Overview of Body Fluid Regulation and Solute Balance

• Total Body Water (TBW) Distribution:     * Total body water constitutes approximately $60\%$ of total body weight.     * Intracellular Fluid (ICF): Accounting for $40\%$ of body weight ($\frac{2}{3}$ of TBW).     * Extracellular Fluid (ECF): Accounting for $20\%$ of body weight ($\frac{1}{3}$ of TBW).         * The ECF is further divided by the capillary wall into Interstitial Fluid and Plasma.

• Regulation of Solutes:     * Sodium salts are the most abundant solutes in the ECF, representing $90-95\%$ of all ECF solutes.     * Sodium ($Na^+$) is the only cation exerting significant osmotic pressure.     * Changes in plasma sodium levels directly affect:         * Plasma volume and blood pressure.         * Intracellular fluid (ICF) and interstitial fluid volumes.

Dynamics of Volume and Osmolarity Changes

• Isosmotic Volume Contraction:     * Example: Diarrhea or severe burns.     * Mechanism: Fluids and solutes are lost from plasma in proportional amounts; blood osmolarity does not change.     * Hematocrit (HCT): Increases because the same number of Red Blood Cells (RBCs) remains in a smaller volume of plasma.     * Protein Concentration: Increases because the same amount of protein exists in a smaller volume.

• Hyperosmotic Volume Contraction:     * Example: Sweating, Diabetes Insipidus, or dehydration.     * Mechanism: Sweat is hypo-osmotic; mostly water is lost while solutes are retained.

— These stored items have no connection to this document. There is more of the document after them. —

(* Let $\Gamma$ be an art gallery that is not normal. Then every configuration of guards in $\Gamma$ that visually covers the walls of $\Gamma$ but does not visually cover all of $\Gamma$ has at least three guards.
   Context: An art gallery $\Gamma$ is a simple polygon in the plane (closed region: boundary together with interior), whose boundary (the walls) consists of finitely many line segments. A guard is a point of $\Gamma$; a guard $G$ visually covers $A\in\Gamma$ if the segment $GA$ lies entirely in $\Gamma$. A configuration of guards is a finite set $F$ of points of $\Gamma$; it visually covers $X\subseteq\Gamma$ if each point of $X$ is visually covered by some guard in $F$. $\Gamma$ is normal if every configuration of guards visually covering the walls visually covers all of $\Gamma$. *)

theory Defs
  imports "HOL-Analysis.Analysis"
begin

text \<open>A closed polygonal path is given by
  its list of vertices v0, v1, ..., vn with vn = v0; it is the concatenation of the
  straight segments between consecutive vertices.\<close>

fun polygonal_path :: "complex list \<Rightarrow> real \<Rightarrow> complex" where
  "polygonal_path [] = linepath 0 0"
| "polygonal_path [a] = linepath a a"
| "polygonal_path [a, b] = linepath a b"
| "polygonal_path (a # b # c # xs) = linepath a b +++ polygonal_path (b # c # xs)"

definition simple_polygon :: "complex list \<Rightarrow> bool" where
  "simple_polygon vs \<longleftrightarrow> length vs \<ge> 4 \<and> hd vs = last vs \<and> simple_path (polygonal_path vs)"

definition walls :: "complex list \<Rightarrow> complex set" where
  "walls vs = path_image (polygonal_path vs)"

definition gallery :: "complex list \<Rightarrow> complex set" where
  "gallery vs = walls vs \<union> inside (walls vs)"

definition visually_covers :: "complex set \<Rightarrow> complex \<Rightarrow> complex \<Rightarrow> bool" where
  "visually_covers \<Gamma> G A \<longleftrightarrow> closed_segment G A \<subseteq> \<Gamma>"

definition guard_configuration :: "complex set \<Rightarrow> complex set \<Rightarrow> bool" where
  "guard_configuration \<Gamma> F \<longleftrightarrow> finite F \<and> F \<subseteq> \<Gamma>"

definition config_covers :: "complex set \<Rightarrow> complex set \<Rightarrow> complex set \<Rightarrow> bool" where
  "config_covers \<Gamma> F X \<longleftrightarrow> (\<forall>A\<in>X. \<exists>G\<in>F. visually_covers \<Gamma> G A)"

definition normal_gallery :: "complex list \<Rightarrow> bool" where
  "normal_gallery vs \<longleftrightarrow>
     (\<forall>F. guard_configuration (gallery vs) F \<longrightarrow>
          config_covers (gallery vs) F (walls vs) \<longrightarrow>
          config_covers (gallery vs) F (gallery vs))"

end

theory Submission
  imports Defs
begin

text \<open>
  A configuration of guards that sees every wall but not every point of the gallery is a
  witness that the gallery is not normal; we show that such a configuration needs at least
  three guards, i.e. two guards that see the whole boundary see the whole gallery.

  The argument is planar geometry in a closed, bounded set \<Gamma> whose complement is connected
  (no holes). Let A be a point of \<Gamma> invisible to guard G2. Walking from A towards G2 and
  in the opposite direction we leave \<Gamma> in both directions, at boundary points Q and B;
  the chord BQ lies in \<Gamma>, contains A, and neither endpoint is visible to G2 (otherwise G2
  would see A). Hence G1 sees both B and Q, so all three sides of the triangle G1 B Q lie
  in \<Gamma>; since \<Gamma> has no holes the whole triangle lies in \<Gamma>, and G1 sees A.
\<close>

lemma closed_segment_on_line:
  fixes a e :: "'a::real_normed_vector"
  assumes "p \<le> q"
  shows "closed_segment (a + p *\<^sub>R e) (a + q *\<^sub>R e) = (\<lambda>u. a + u *\<^sub>R e) ` {p..q}"
proof -
  have "closed_segment (p *\<^sub>R e) (q *\<^sub>R e) = (\<lambda>u. u *\<^sub>R e) ` closed_segment p q"
    by (metis closed_segment_linear_image linear_scaleR_left)
  then show ?thesis
    using assms by (simp add: closed_segment_translation closed_segment_eq_real_ivl image_image)
qed

lemma segment_exit_point:
  fixes S :: "'a::real_normed_vector set"
  assumes "closed S" and "a \<in> S" and "b \<notin> S"
  obtains c where "c \<in> closed_segment a b" "c \<in> frontier S" "closed_segment a c \<subseteq> S"
proof -
  obtain u where u: "0 \<le> u" "u \<le> 1" "linepath a b u \<in> frontier S"
    and int: "path_image (subpath 0 u (linepath a b)) - {linepath a b u} \<subseteq> interior S"
    using subpath_to_frontier[of "linepath a b" S] assms by (auto intro: closure_subset[THEN subsetD])
  define c where "c = linepath a b u"
  have "subpath 0 u (linepath a b) = linepath a c"
    by (auto simp: c_def subpath_def linepath_def algebra_simps)
  then have "closed_segment a c - {c} \<subseteq> S"
    using int interior_subset unfolding c_def by fastforce
  moreover have "c \<in> S"
    using u(3) frontier_subset_closed[OF assms(1)] by (auto simp: c_def)
  ultimately have "closed_segment a c \<subseteq> S" by blast
  moreover have "c \<in> closed_segment a b"
    using u by (simp add: c_def linepath_in_path)
  ultimately show ?thesis using that u(3) c_def by blast
qed

lemma ray_leaves_bounded_set:
  fixes a e :: "'a::real_normed_vector"
  assumes "bounded S" and "e \<noteq> 0"
  obtains T where "T \<ge> 0" "a + T *\<^sub>R e \<notin> S"
proof -
  obtain r where r: "\<And>x. x \<in> S \<Longrightarrow> norm x \<le> r"
    using assms(1) bounded_iff by blast
  define T where "T = (\<bar>r\<bar> + norm a + 1) / norm e"
  have T: "T \<ge> 0" "T * norm e = \<bar>r\<bar> + norm a + 1"
    using assms(2) by (auto simp: T_def)
  have "norm (T *\<^sub>R e) \<le> norm (a + T *\<^sub>R e) + norm a"
    using norm_triangle_ineq4[of "a + T *\<^sub>R e" a] by simp
  then have "norm (a + T *\<^sub>R e) > r"
    using T by simp
  then show ?thesis using that T r by force
qed

lemma point_between_opposite_rays:
  fixes a e :: "'a::real_normed_vector"
  assumes "x \<in> closed_segment a (a - p *\<^sub>R e)" "y \<in> closed_segment a (a + q *\<^sub>R e)"
    and "p \<ge> 0" "q \<ge> 0"
  shows "a \<in> closed_segment x y"
proof -
  define l where "l = (\<lambda>u. a + u *\<^sub>R e)"
  have seg: "closed_segment (l s) (l t) = l ` {s..t}" if "s \<le> t" for s t
    unfolding l_def by (rule closed_segment_on_line[OF that])
  have "x \<in> l ` {-p..0}"
    using assms(1,3) seg[of "-p" 0] by (simp add: l_def closed_segment_commute)
  then obtain s where s: "s \<le> 0" "x = l s" by auto
  have "y \<in> l ` {0..q}"
    using assms(2,4) seg[of 0 q] by (simp add: l_def)
  then obtain t where t: "0 \<le> t" "y = l t" by auto
  have "l 0 \<in> l ` {s..t}" using s t by auto
  then show ?thesis using seg[of s t] s t by (simp add: l_def)
qed

text \<open>In the plane, a bounded set with connected complement that contains the three sides of a
  triangle contains the whole triangle: otherwise the complement would meet both the
  triangle and its exterior, hence the triangle's frontier.\<close>
lemma triangle_in_hole_free_set:
  fixes S :: "'a::euclidean_space set"
  assumes "DIM('a) = 2" and "bounded S" and "connected (- S)"
    and "closed_segment a b \<subseteq> S" "closed_segment b c \<subseteq> S" "closed_segment c a \<subseteq> S"
  shows "convex hull {a, b, c} \<subseteq> S"
proof (rule ccontr)
  assume "\<not> convex hull {a, b, c} \<subseteq> S"
  then have meets: "- S \<inter> convex hull {a, b, c} \<noteq> {}" by blast
  have "\<not> - S \<subseteq> convex hull {a, b, c}"
  proof
    assume "- S \<subseteq> convex hull {a, b, c}"
    then have "UNIV = S \<union> convex hull {a, b, c}" by blast
    then show False
      using assms(2) not_bounded_UNIV by (metis bounded_Un bounded_convex_hull finite_imp_bounded
          finite.emptyI finite_insert)
  qed
  then have leaves: "- S - convex hull {a, b, c} \<noteq> {}" by blast
  have "frontier (convex hull {a, b, c}) \<subseteq> S"
    using assms(4-6) by (simp add: frontier_of_triangle[OF assms(1)])
  then show False
    using connected_Int_frontier[OF assms(3) meets leaves] by blast
qed

lemma chord_through_blind_spot:
  fixes S :: "'a::euclidean_space set"
  assumes "closed S" and "bounded S" and "A \<in> S" and "\<not> closed_segment G A \<subseteq> S"
  obtains B Q where "B \<in> frontier S" "Q \<in> frontier S"
    "A \<in> closed_segment B Q" "closed_segment B Q \<subseteq> S"
    "\<not> closed_segment G B \<subseteq> S" "\<not> closed_segment G Q \<subseteq> S"
proof -
  define e where "e = G - A"
  have G: "G = A + 1 *\<^sub>R e" by (simp add: e_def)
  have "e \<noteq> 0" using assms(3,4) by (auto simp: e_def)
  obtain Z where Z: "Z \<in> closed_segment A G" "Z \<notin> S"
    using assms(4) by (auto simp: closed_segment_commute)
  obtain Q where Q: "Q \<in> closed_segment A Z" "Q \<in> frontier S" "closed_segment A Q \<subseteq> S"
    using segment_exit_point[OF assms(1,3) Z(2)] by blast
  have QAG: "Q \<in> closed_segment A G"
    using Q(1) Z(1) closed_segment_subset[of A "closed_segment A G" Z] by auto
  obtain T where T: "T \<ge> 0" "A + T *\<^sub>R (- e) \<notin> S"
    using ray_leaves_bounded_set[OF assms(2), of "- e" A] \<open>e \<noteq> 0\<close> by auto
  obtain B where B: "B \<in> closed_segment A (A - T *\<^sub>R e)" "B \<in> frontier S"
    "closed_segment A B \<subseteq> S"
    using segment_exit_point[OF assms(1,3) T(2)] by auto
  have ABQ: "A \<in> closed_segment B Q"
    using point_between_opposite_rays[OF B(1), of Q 1] QAG T(1) G by simp
  have ABG: "A \<in> closed_segment B G"
    using point_between_opposite_rays[OF B(1), of G 1] T(1) G by simp
  have "closed_segment B Q = closed_segment B A \<union> closed_segment A Q"
    using Un_closed_segment[OF ABQ] by simp
  then have BQ: "closed_segment B Q \<subseteq> S"
    using B(3) Q(3) by (auto simp: closed_segment_commute)
  have "closed_segment A G \<subseteq> closed_segment G B"
    using ABG by (simp add: closed_segment_subset closed_segment_commute)
  then have "\<not> closed_segment G B \<subseteq> S"
    using assms(4) by (auto simp: closed_segment_commute)
  moreover have "closed_segment A G = closed_segment A Q \<union> closed_segment Q G"
    using Un_closed_segment[OF QAG] by simp
  then have "\<not> closed_segment G Q \<subseteq> S"
    using assms(4) Q(3) by (auto simp: closed_segment_commute)
  ultimately show ?thesis
    using that B(2) Q(2) ABQ BQ by blast
qed

lemma two_guards_of_boundary_see_everything:
  fixes \<Gamma> C :: "'a::euclidean_space set"
  assumes "DIM('a) = 2" and "closed \<Gamma>" and "bounded \<Gamma>" and "connected (- \<Gamma>)"
    and "frontier \<Gamma> \<subseteq> C"
    and sees: "\<And>P. P \<in> C \<Longrightarrow> closed_segment G1 P \<subseteq> \<Gamma> \<or> closed_segment G2 P \<subseteq> \<Gamma>"
    and "A \<in> \<Gamma>"
  shows "closed_segment G1 A \<subseteq> \<Gamma> \<or> closed_segment G2 A \<subseteq> \<Gamma>"
proof (cases "closed_segment G2 A \<subseteq> \<Gamma>")
  case False
  then obtain B Q where BQ: "B \<in> frontier \<Gamma>" "Q \<in> frontier \<Gamma>" "A \<in> closed_segment B Q"
    "closed_segment B Q \<subseteq> \<Gamma>" "\<not> closed_segment G2 B \<subseteq> \<Gamma>" "\<not> closed_segment G2 Q \<subseteq> \<Gamma>"
    using chord_through_blind_spot[OF assms(2,3,7)] by blast
  have "closed_segment G1 B \<subseteq> \<Gamma>" "closed_segment G1 Q \<subseteq> \<Gamma>"
    using sees BQ assms(5) by blast+
  then have "convex hull {G1, B, Q} \<subseteq> \<Gamma>"
    using triangle_in_hole_free_set[OF assms(1,3,4)] BQ(4) by (simp add: closed_segment_commute)
  moreover have "closed_segment G1 A \<subseteq> convex hull {G1, B, Q}"
    using BQ(3) closed_segment_subset[of B "convex hull {G1, B, Q}" Q]
    by (intro closed_segment_subset) (auto intro: hull_inc)
  ultimately show ?thesis by blast
qed simp

lemma polygonal_path_ends:
  "vs \<noteq> [] \<Longrightarrow> pathstart (polygonal_path vs) = hd vs \<and> pathfinish (polygonal_path vs) = last vs"
  by (induction vs rule: polygonal_path.induct) auto

text \<open>By the Jordan curve theorem a gallery is a closed, bounded region without holes whose
  frontier consists of walls.\<close>
lemma gallery_topology:
  assumes "simple_polygon vs"
  shows "closed (gallery vs)" "bounded (gallery vs)" "connected (- gallery vs)"
    "frontier (gallery vs) \<subseteq> walls vs" "walls vs \<noteq> {}"
proof -
  define p where "p = polygonal_path vs"
  have "vs \<noteq> []" "simple_path p" "hd vs = last vs"
    using assms by (auto simp: simple_polygon_def p_def)
  then have "simple_path p" "pathfinish p = pathstart p"
    using polygonal_path_ends[of vs] by (auto simp: p_def)
  note jordan = Jordan_inside_outside[OF this]
  have walls: "walls vs = path_image p" by (simp add: walls_def p_def)
  have compl: "- gallery vs = outside (walls vs)"
    by (simp add: gallery_def union_with_inside)
  show "closed (gallery vs)" "connected (- gallery vs)"
    using compl jordan walls by (auto simp: closed_def)
  show "bounded (gallery vs)"
    using jordan walls \<open>simple_path p\<close>
    by (simp add: gallery_def bounded_simple_path_image)
  have "inside (walls vs) \<subseteq> interior (gallery vs)"
    using jordan walls by (simp add: gallery_def interior_maximal)
  then show "frontier (gallery vs) \<subseteq> walls vs"
    using frontier_subset_closed[OF \<open>closed (gallery vs)\<close>]
    by (auto simp: frontier_def gallery_def)
  show "walls vs \<noteq> {}" by (simp add: walls path_image_nonempty)
qed

lemma at_most_two_elements:
  assumes "finite F" and "F \<noteq> {}" and "card F \<le> 2"
  obtains a b where "F = {a, b}"
proof -
  have "card F = 1 \<or> card F = 2" using assms card_0_eq by fastforce
  then show ?thesis
    by (metis that card_1_singletonE card_2_iff insert_absorb2)
qed

theorem mainTheorem4:
  fixes vs :: "complex list" and F :: "complex set"
  assumes "simple_polygon vs"
    and "\<not> normal_gallery vs"
    and "guard_configuration (gallery vs) F"
    and "config_covers (gallery vs) F (walls vs)"
    and "\<not> config_covers (gallery vs) F (gallery vs)"
  shows "card F \<ge> 3"
proof (rule ccontr)
  assume "\<not> card F \<ge> 3"
  moreover have "F \<noteq> {}"
    using assms(4) gallery_topology(5)[OF assms(1)] by (auto simp: config_covers_def)
  ultimately obtain G1 G2 where F: "F = {G1, G2}"
    using at_most_two_elements[of F] assms(3) by (force simp: guard_configuration_def)
  have "config_covers (gallery vs) F (gallery vs)"
    using two_guards_of_boundary_see_everything[of "gallery vs" "walls vs" G1 G2]
      gallery_topology[OF assms(1)] assms(4)
    by (auto simp: F config_covers_def visually_covers_def)
  with assms(5) show False by contradiction
qed

end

Plasma volume declines but plasma osmolarity increases.     * Fluid Shift: Water moves out of the cells (ICF) to the ECF to balance solute concentration.     * Hematocrit (HCT): Does not change. While there are fewer total fluids, the cells crenate (shrink) due to water loss, balancing the ratio.     * Protein Concentration: Increases.

• Hypoosmotic Volume Contraction:     * Example: Adrenal insufficiency (Addison’s Disease) or abuse of diuretics.     * Mechanism: No aldosterone results in sodium and water being excreted at higher levels. Sodium loss from plasma is significant.     * Fluid Shift: Blood osmolarity is reduced; water moves from ECF into the RBCs.     * Hematocrit (HCT): Increases because Mean Corpuscular Volume (MCV) increases due to water gain.     * Protein Concentration: Increases.

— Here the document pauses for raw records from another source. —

(* Let $\xi\ge1$, $0<c_*\le c^*$, $\delta_0>0$, $\delta_1\in(0,1)$, $K=4\xi^2(c^*/c_* )(1+\delta_1)/(1-\delta_1)$, and let $k,\ell$ be positive integers with $4\ell/k\ge K$ and $\max\{k+\ell,4\ell\}\le\delta_0n/\log p$. Suppose $X$ satisfies $$\min_{|S|+m\le\delta_0n/\log p}\phi_-(m,S)\ge c_*(1-\delta_1),\qquad\max_{|S|+m\le\delta_0n/\log p}\phi_+(m,S)\le c^*(1+\delta_1),$$ (minimum/maximum over subsets $S\subseteq\{1,\dots,p\}$ and positive integers $m$). Then for every nonempty $S$ with $|S|\le k$, and $m$ the smallest integer with $m\ge K|S|$, $$\kappa(\xi,S)\ge\{c_*(1-\delta_1)\}^{1/2}/2\quad\text{and}\quad\xi^2\phi_+(m,S)/\kappa^2(\xi,S)\le K.$$
   Context: $X=(x_1,\dots,x_p)\in\mathbb{R}^{n\times p}$ is a deterministic matrix with $\|x_j\|_2^2=n$ for all $j$. For $\xi\ge1$ and nonempty $S\subseteq\{1,\dots,p\}$, the cone $\mathcal C(\xi,S)=\{u\in\mathbb{R}^p:\|u_{S^c}\|_1\le\xi\|u_S\|_1\}$ and the compatibility factor $\kappa(\xi,S)=\inf\{\|Xu\|_2|S|^{1/2}/(n^{1/2}\|u_S\|_1):0\ne u\in\mathcal C(\xi,S)\}$. For positive integers $m$, sparse eigenvalues $\phi_-(m,S)=\min_{B\supseteq S,|B\setminus S|\le m}\phi_{\min}(X_B^TX_B/n)$ and $\phi_+(m,S)=\max_{B\cap S=\emptyset,|B|\le m}\phi_{\max}(X_B^TX_B/n)$, where $X_B$ is the submatrix of columns indexed by $B$ and $\phi_{\min},\phi_{\max}$ denote smallest and largest eigenvalues. *)

theory Defs
  imports Complex_Main
begin
definition cut_condition ::
  "'v set \<Rightarrow> 'e set \<Rightarrow> ('e \<Rightarrow> 'v) \<Rightarrow> ('e \<Rightarrow> 'v) \<Rightarrow> 'v set \<Rightarrow> 'v set \<Rightarrow> bool" where
  "cut_condition V A tail head R1 R2 \<longleftrightarrow>
     (\<forall>X. X \<subseteq> V \<and> X \<noteq> {} \<longrightarrow> roots_missed R1 R2 X \<le> card (entering A tail head X))"

text \<open>Deleting an arc that enters a tight set would violate the cut condition there.\<close>
definition tight ::
  "'v set \<Rightarrow> 'e set \<Rightarrow> ('e \<Rightarrow> 'v) \<Rightarrow> ('e \<Rightarrow> 'v) \<Rightarrow> 'v set \<Rightarrow> 'v set \<Rightarrow> 'v set \<Rightarrow> bool" where
  "tight V A tail head R1 R2 X \<longleftrightarrow>
     X \<subseteq> V \<and> X \<inter> R1 \<noteq> {} \<and> X \<inter> R2 = {} \<and> card (entering A tail head X) = 1"

definition spanning_branching ::
  "'v set \<Rightarrow> ('e \<Rightarrow> 'v) \<Rightarrow> ('e \<Rightarrow> 'v) \<Rightarrow> 'v set \<Rightarrow> 'e set \<Rightarrow> bool" where
  "spanning_branching V tail head R F \<longleftrightarrow>
     (\<forall>v\<in>V. card {a \<in> F. head a = v} \<le> (if v \<in> R then 0 else 1)) \<and>
     (\<forall>v\<in>V. \<exists>r\<in>R. reach F tail head r v)"

lemma cut_condition_commute:
  "cut_condition V A tail head R2 R1 \<longleftrightarrow> cut_condition V A tail head R1 R2"
  by (simp add: cut_condition_def roots_missed_def add.commute)

lemma cut_conditionD:
  "cut_condition V A tail head R1 R2 \<Longrightarrow> X \<subseteq> V \<Longrightarrow> X \<noteq> {} \<Longrightarrow>
    roots_missed R1 R2 X \<le> card (entering A tail head X)"
  by (simp add: cut_condition_def)

lemma tight_Int:
  assumes "finite A" and cut: "cut_condition V A tail head R1 R2"
    and X: "tight V A tail head R1 R2 X" and M: "tight V A tail head R1 R2 M"
    and "X \<inter> M \<noteq> {}"
  shows "tight V A tail head R1 R2 (X \<inter> M)"
proof -
  have XM: "X \<subseteq> V" "M \<subseteq> V" "X \<inter> R2 = {}" "M \<inter> R2 = {}" "X \<inter> R1 \<noteq> {}"
    using X M by (auto simp: tight_def)
  have "card (entering A tail head (X \<inter> M)) + card (entering A tail head (X \<union> M)) \<le> 2"
    using card_entering_submodular[OF \<open>finite A\<close>, of tail head X M] X M by (simp add: tight_def)
  moreover have "roots_missed R1 R2 (X \<union> M) \<le> card (entering A tail head (X \<union> M))"
    using XM by (intro cut_conditionD[OF cut]) auto
  moreover have "roots_missed R1 R2 (X \<union> M) = 1"
    using XM by (auto simp: roots_missed_def)
  ultimately have at_most_one: "card (entering A tail head (X \<inter> M)) \<le> 1" by linarith
  have "roots_missed R1 R2 (X \<inter> M) \<le> card (entering A tail head (X \<inter> M))"
    using XM \<open>X \<inter> M \<noteq> {}\<close> by (intro cut_conditionD[OF cut]) auto
  moreover have "roots_missed R1 R2 (X \<inter> M) = (if X \<inter> M \<inter> R1 = {} then 2 else 1)"
    using XM by (auto simp: roots_missed_def)
  ultimately have "X \<inter> M \<inter> R1 \<noteq> {}" "card (entering A tail head (X \<inter> M)) = 1"
    using at_most_one by (auto split: if_splits)
  then show ?thesis using XM by (auto simp: tight_def)
qed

• Isosmotic Volume Expansion:     * Example: Infusion of isosmotic $NaCl$ (saline).     * Mechanism: Isosmotic fluid is added to the plasma compartment.     * Hematocrit (HCT): Decreases due to dilution.     * Protein Concentration: Decreases.

• Hyperosmotic Volume Expansion:     * Example: High $NaCl$ intake, Conn’s disease, or Cushing’s syndrome.     * Mechanism: Excessive aldosterone leads to more sodium and water retention. Plasma osmolarity increases.     * Fluid Shift: Water moves from the cells (ICF) to the plasma (ECF) until equilibrium is reached; osmolarity for both compartments increases.     * Hematocrit (HCT): Decreased (more plasma volume and crenated cells).

• Hypoosmotic Volume Expansion:     * Example: SIADH (Syndrome of Inappropriate Antidiuretic Hormone).     * Mechanism: Excessive ADH leads to scant, concentrated urine and high water retention, reducing ECF osmolarity.     * Fluid Shift: Water moves into the cells until equilibrium is reached; osmolarity for both compartments decreases.     * Hematocrit (HCT): No change.     * Protein Concentration: Decreases.

Regulation of Sodium Balance

• Sympathetic Nerve Activity:     * Increases $Na^+$ reabsorption by the Proximal Convoluted Tubule (PCT).     * Afferent/Efferent constriction: Maintains normal Glomerular Filtration Rate (GFR) indirectly via the Renin-Angiotensin-Aldosterone (R-A-A) system if pressure decreases. Under severe pressure drops, it decreases GFR to retain water and sodium in the blood.

• R-A-A System: Promotes increased sodium reabsorption.

• Atriopeptin (ANP: Atrial Natriuretic Peptide): Increases GFR and decreases sodium reabsorption in response to high sodium intake or increased ECF volume.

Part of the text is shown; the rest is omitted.